# [Work to complete]
Your answer should be the lines of the listing that contain the word "moves".

# [Input data]
lemma face_succ_in_darts:
  assumes sg: "simple_graph V T" and rs: "rotation_system V T rot" and d: "d \<in> darts T"
  shows "face_succ rot d \<in> darts T"
proof -
  obtain x y where xy: "d = (x, y)"
    by fastforce
  then have "x \<in> nbrs T y" "y \<in> V"
    using d simple_graph_edge_ends[OF sg] by (auto simp: darts_def mem_nbrs_iff insert_commute)
  then show ?thesis
    using rotation_system_in_nbrs[OF rs] unfolding xy face_succ_def by (simp add: darts_def mem_nbrs_iff)
qed

lemma funpow_face_succ_in_darts:
  "simple_graph V T \<Longrightarrow> rotation_system V T rot \<Longrightarrow> d \<in> darts T \<Longrightarrow> (face_succ rot ^^ k) d \<in> darts T"
  by (induction k) (simp_all add: face_succ_in_darts)

definition bypass :: "('a \<Rightarrow> 'a) \<Rightarrow> 'a \<Rightarrow> 'a \<Rightarrow> 'a" where
  "bypass r l x = (if r x = l then r l else r x)"

definition remove_from_rotation :: "('a \<Rightarrow> 'a \<Rightarrow> 'a) \<Rightarrow> 'a \<Rightarrow> 'a \<Rightarrow> 'a \<Rightarrow> 'a \<Rightarrow> 'a" where
  "remove_from_rotation rot u l = rot(u := bypass (rot u) l)"

lemma bij_betw_bypass:
  assumes bij: "bij_betw r N N" and fin: "finite N" and l: "l \<in> N" "r l \<noteq> l"
  shows "bij_betw (bypass r l) (N - {l}) (N - {l})"
proof -
  have inj: "inj_on r N"
    using bij by (rule bij_betw_imp_inj_on)
  have r_in: "r x \<in> N" if "x \<in> N" for x
    using bij that by (rule bij_betw_apply)
  have maps: "bypass r l ` (N - {l}) \<subseteq> N - {l}"
    using r_in l by (auto simp: bypass_def)
  have "inj_on (bypass r l) (N - {l})"
  proof (rule inj_onI)
    fix x y assume x: "x \<in> N - {l}" and y: "y \<in> N - {l}" and eq: "bypass r l x = bypass r l y"
    then have "r x = r y \<or> r x = r l \<or> r l = r y"
      by (auto simp: bypass_def split: if_splits)
    then show "x = y"
      using x y l(1) inj_on_eq_iff[OF inj] by auto
  qed
  then show ?thesis
    using maps fin by (simp add: bij_betw_def endo_inj_surj)
qed

lemma funpow_bypass_reaches:
  assumes l: "r l \<noteq> l" and x: "x \<noteq> l" and k: "(r ^^ k) x \<noteq> l"
  shows "\<exists>j. (bypass r l ^^ j) x = (r ^^ k) x"
proof -
  \<comment> \<open>the bypassed walk keeps pace with the r-walk, except that it jumps over l\<close>
  have "\<exists>j. (bypass r l ^^ j) x = (if (r ^^ k) x = l then (r ^^ Suc k) x else (r ^^ k) x)" for k
  proof (induction k)
    case 0
    then show ?case
      using x by (intro exI[of _ 0]) simp
  next
    case (Suc k)
    then obtain j where j: "(bypass r l ^^ j) x = (if (r ^^ k) x = l then (r ^^ Suc k) x else (r ^^ k) x)"
      by blast
    show ?case
    proof (cases "(r ^^ k) x = l")
      case True
      then show ?thesis
        using j l by (intro exI[of _ j]) simp
    next
      case False
      then have "(bypass r l ^^ Suc j) x = bypass r l ((r ^^ k) x)"
        using j by simp
      also have "\<dots> = (if (r ^^ Suc k) x = l then (r ^^ Suc (Suc k)) x else (r ^^ Suc k) x)"
        by (simp add: bypass_def)
      finally show ?thesis ..
    qed
  qed
  then show ?thesis
    using k by metis
qed

lemma rotation_system_remove_leaf:
  assumes rs: "rotation_system V T rot" and sg: "simple_graph V T" and l: "nbrs T l = {u}"
    and p: "p \<in> nbrs T u" "p \<noteq> l"
  shows "rotation_system (V - {l}) (T - {{l, u}}) (remove_from_rotation rot u l)"
  unfolding rotation_system_def
proof (intro ballI)
  fix v assume v: "v \<in> V - {l}"
  have N: "nbrs (T - {{l, u}}) v = nbrs T v - {l}"
    using nbrs_remove_leaf[OF l] v by simp
  have u: "u \<in> V" and lu: "l \<in> nbrs T u"
    using l nbrs_sym[of l T u] nbrs_subset[OF sg, of l] by auto
  show "bij_betw (remove_from_rotation rot u l v) (nbrs (T - {{l, u}}) v) (nbrs (T - {{l, u}}) v) \<and>
    (\<forall>x\<in>nbrs (T - {{l, u}}) v. \<forall>w\<in>nbrs (T - {{l, u}}) v. \<exists>k. (remove_from_rotation rot u l v ^^ k) x = w)"
  proof (cases "v = u")
    case True
    have moves: "rot u l \<noteq> l"
      by (rule rotation_no_fixpoint[OF rs u lu p])
    have "\<exists>k. (bypass (rot u) l ^^ k) x = w" if "x \<in> nbrs T u - {l}" "w \<in> nbrs T u - {l}" for x w
      using rotation_system_cyclic[OF rs u, of x w] funpow_bypass_reaches[of "rot u" l x] moves that
      by auto
    then show ?thesis
      using bij_betw_bypass[OF rotation_system_bij[OF rs u] finite_nbrs[OF sg] lu moves] N True
      by (simp add: remove_from_rotation_def)
  next
    case False
    then have "nbrs (T - {{l, u}}) v = nbrs T v"
      using N l nbrs_sym[of l T v] by auto
    then show ?thesis
      using rs v False unfolding rotation_system_def by (simp add: remove_from_rotation_def)
  qed
qed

# [Response area]
    have moves: "rot u l \<noteq> l"
      using rotation_system_cyclic[OF rs u, of x w] funpow_bypass_reaches[of "rot u" l x] moves that
      using bij_betw_bypass[OF rotation_system_bij[OF rs u] finite_nbrs[OF sg] lu moves] N True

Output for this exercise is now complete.